DS 5220. Supervised Machine Learning and Learning Theory. 4 Hours.

Introduces supervised machine learning, which is the study and design of algorithms that enable computers/machines to learn from experience or data, given examples of data with a known outcome of interest. Offers a broad view of models and algorithms for supervised decision making. Discusses the methodological foundations behind the models and the algorithms, as well as issues of practical implementation and use, and techniques for assessing the performance. Includes a term project involving programming and/or work with real-life data sets. Requires profiency in a programming language such as Python, R, or MATLAB.

DS 5230. Unsupervised Machine Learning and Data Mining. 4 Hours.

Introduces unsupervised machine learning and data mining, which is the process of discovering and summarizing patterns from large amounts of data, without examples of data with a known outcome of interest. Offers a broad view of models and algorithms for unsupervised data exploration. Discusses the methodological foundations behind the models and the algorithms, as well as issues of practical implementation and use, and techniques for assessing the performance. Includes a term project involving programming and/or work with real-life data sets. Requires profiency in a programming language such as Python, R, or MATLAB.

DS 5500. Information Visualization: Applications in Data Science. 4 Hours.

Offers students an opportunity to develop effective communication skills with data by drawing from different disciplines including physics, biology, health science, social science, geography, business, and economics. Introduces principles of effective oral and written communication and a wide range of visual data encodings and representations.
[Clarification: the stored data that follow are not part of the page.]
(* Let $X$ be a real Banach space and let $Y\subset X^*$ be a $w^*$-dense linear subspace such that: (i) the locally convex space $(X,\mu(X,Y))$ is complete; (ii) for every absolutely convex $w^*$-compact set $K\subset Y$, every convex $w^*$-sequentially closed subset of $K$ is $w^*$-closed. Then $(Y,w^* )$ has the Mazur property, i.e. every linear functional $f:Y\to\mathbb{R}$ which is $w^*$-sequentially continuous is $w^*$-continuous.
   Context: $\mu(X,Y)$ denotes the Mackey topology on $X$ associated to the dual pair $\langle X,Y\rangle$: the locally convex topology of uniform convergence on all absolutely convex $w^*$-compact subsets of $Y$. A subset $C$ of a topological space is sequentially closed if no sequence in $C$ converges to a point outside $C$. $w^*$ denotes the weak$^*$ topology $w(X^*,X)$ (restricted to $Y$). *)

theory Defs
  imports "HOL-Analysis.Analysis"
begin

text \<open>The type 'a \<Rightarrow> real carries the product topology (HOL-Analysis Function_Topology),
  which on X* is exactly the weak-star topology w(X*,X).\<close>
definition dual_space :: "('a::real_normed_vector \<Rightarrow> real) set" where
  "dual_space = {f. bounded_linear f}"
text \<open>A closed walk with the largest number of distinct edges is a cycle: at a vertex lacking an
  incoming or an outgoing arrow, a detour along an unused edge would enlarge it.\<close>
lemma exists_incident_sink_or_source:
  assumes sp: "signed_poset G arr" and e0: "e0 \<in> edges G"
  shows "\<exists>e\<in>edges G. \<exists>b. is_sink G arr (endpt G e b) \<or> is_source G arr (endpt G e b)"
proof (rule ccontr)
  assume none: "\<not> ?thesis"
  have sg: "signed_graph G" and acyclic: "\<nexists>vs es. is_cycle G arr vs es"
    using sp by (auto simp: signed_poset_def acyclic_orientation_def)
  have fin: "finite (edges G)" using sg by (simp add: signed_graph_def)
  define closed where "closed = (\<lambda>(vs, es). walk G vs es \<and> es \<noteq> [] \<and> hd vs = last vs)"
  obtain a b where "ends G e0 = (a, b)" by fastforce
  then have "closed ([a, b, a], [e0, e0])" using e0 by (simp add: closed_def)
  moreover have "\<forall>p. closed p \<longrightarrow> card (set (snd p)) < Suc (card (edges G))"
  proof (intro allI impI)
    fix p assume "closed p"
    then have "set (snd p) \<subseteq> edges G" using walk_edges by (auto simp: closed_def split: prod.splits)
    then show "card (set (snd p)) < Suc (card (edges G))" using fin by (simp add: card_mono less_Suc_eq_le)
  qed
  ultimately obtain p where "closed p"
    and maximal: "\<forall>q. closed q \<longrightarrow> card (set (snd q)) \<le> card (set (snd p))"
    using Lattices_Big.ex_has_greatest_nat[of closed _ "\<lambda>p. card (set (snd p))"] by blast
  then obtain vs es where p: "p = (vs, es)" and "closed (vs, es)" by (cases p) auto
  then have walk: "walk G vs es" "es \<noteq> []" "hd vs = last vs" by (auto simp: closed_def)
  define in_and_out where "in_and_out w \<longleftrightarrow>
    (\<exists>e\<in>set es. \<exists>b. endpt G e b = w \<and> arr e b) \<and> (\<exists>e\<in>set es. \<exists>b. endpt G e b = w \<and> \<not> arr e b)"
    for w
  have "\<not> is_cycle G arr vs es" using acyclic by blast
  then have "\<not> (\<forall>w\<in>set vs. in_and_out w)"
    unfolding in_and_out_def by (rule contrapos_nn) (rule is_cycleI[OF walk])
  then obtain w where w: "w \<in> set vs" and lacks: "\<not> in_and_out w" by blast
  obtain e1 b1 where "e1 \<in> set es" "endpt G e1 b1 = w"
    using walk_incident[OF walk(1,2) w] by blast
  then have "w \<in> verts G" "\<not> is_sink G arr w" "\<not> is_source G arr w"
    using none endpt_in_verts[OF sg] walk_edges[OF walk(1)] by blast+
  then obtain e b where e: "e \<in> edges G" "endpt G e b = w" "e \<notin> set es"
    using lacks unfolding in_and_out_def is_sink_def is_source_def by blast
  then obtain vs' es' where detour: "closed (vs', es')" "set es' = insert e (set es)"
    using closed_walk_detour[OF walk(1,3) w e(1,2)] by (auto simp: closed_def)
  have "card (insert e (set es)) \<le> card (set es)"
    using maximal[rule_format, OF detour(1)] detour(2) p by simp
  then show False using e(3) by simp
qed

lemma sinks_eq_sources_iff:
  assumes "signed_poset G arr"
  shows "{v. is_sink G arr v} = {v. is_source G arr v} \<longleftrightarrow> edges G = {}"
proof
  assume eq: "{v. is_sink G arr v} = {v. is_source G arr v}"
  show "edges G = {}"
  proof (rule ccontr)
    assume "edges G \<noteq> {}"
    then obtain e b where "is_sink G arr (endpt G e b) \<or> is_source G arr (endpt G e b)" "e \<in> edges G"
      using exists_incident_sink_or_source[OF assms] by blast
    then show False using eq unfolding is_sink_def is_source_def by blast
  qed
qed (auto simp: is_sink_def is_source_def)

section \<open>Gapless colourings\<close>

definition level :: "int set \<Rightarrow> int" where
  "level X = Max (insert 0 (abs ` X))"

definition gapless :: "int set \<Rightarrow> bool" where
  "gapless X \<longleftrightarrow> (\<forall>x\<in>X. {1..\<bar>x\<bar>} \<subseteq> abs ` X)"

lemma abs_le_level: "finite X \<Longrightarrow> x \<in> X \<Longrightarrow> \<bar>x\<bar> \<le> level X"
  unfolding level_def by (rule Max_ge) auto

lemma level_nonneg: "finite X \<Longrightarrow> 0 \<le> level X"
  unfolding level_def by (rule Max_ge) auto

lemma level_le_iff: "finite X \<Longrightarrow> level X \<le> k \<longleftrightarrow> 0 \<le> k \<and> (\<forall>x\<in>X. \<bar>x\<bar> \<le> k)"
  unfolding level_def by (subst Max_le_iff) auto

lemma level_attained: "finite X \<Longrightarrow> level X \<noteq> 0 \<Longrightarrow> \<exists>x\<in>X. \<bar>x\<bar> = level X"
  unfolding level_def using Max_in[of "insert 0 (abs ` X)"] by auto

lemma level_eqI: "finite X \<Longrightarrow> \<forall>x\<in>X. \<bar>x\<bar> \<le> k \<Longrightarrow> x0 \<in> X \<Longrightarrow> \<bar>x0\<bar> = k \<Longrightarrow> level X = k"
  using level_le_iff[of X k] abs_le_level[of X x0] by fastforce

lemma gapless_level_range:
  assumes "finite X" "gapless X"
  shows "{1..level X} \<subseteq> abs ` X"
  using level_attained[OF assms(1)] assms(2) unfolding gapless_def by fastforce

lemma abs_le_card_if_gapless:
  assumes "finite X" "gapless X" "x \<in> X"
  shows "\<bar>x\<bar> \<le> int (card X)"
proof -
  have "card {1..\<bar>x\<bar>} \<le> card (abs ` X)"
    using assms unfolding gapless_def by (intro card_mono) auto
  also have "\<dots> \<le> card X" using assms(1) by (rule card_image_le)
  finally show ?thesis by simp
qed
Covers the foundational principles for visual representations, including human vision and perception and basic interactivity. A semester-long project requires students to translate the domain science or technology problem into the language of data science; design, evaluate, implement, and deploy both static and interactive visualizations of data and data analysis results; translate the results into the language of the original science or technology problem; communicate the findings in oral and written form; and provide constructive criticism of other examples of data communication and visualization.

DS 6050. Seminar in Data Science. 4 Hours.

Offers students an opportunity to learn how to approach data analysis problems in a systematic manner and to learn how to design data analysis pipelines, as well as how to implement them at scale in the context of real-world problems. Data science is at the intersection of statistics, machine learning, and software development. Data analysis problems are solved in a series of datacentric steps: data acquisition, data cleaning, data transformation, data modelling, and data visualization.

DS 6962. Elective. 1-4 Hours.

Offers elective credit for courses taken at other academic institutions. May be repeated without limit.

DS 7990. Thesis. 4 Hours.

Offers selected work with the agreement of a project supervisor.

DS 7995. Project. 1-4 Hours.

Offers students an opportunity to participate in a direct data science project under the supervision of a faculty member. May be repeated once for a total of 8 credits.

DS 8982. Readings. 1-8 Hours.

Offers selected readings under the supervision of a faculty member. May be repeated without limit.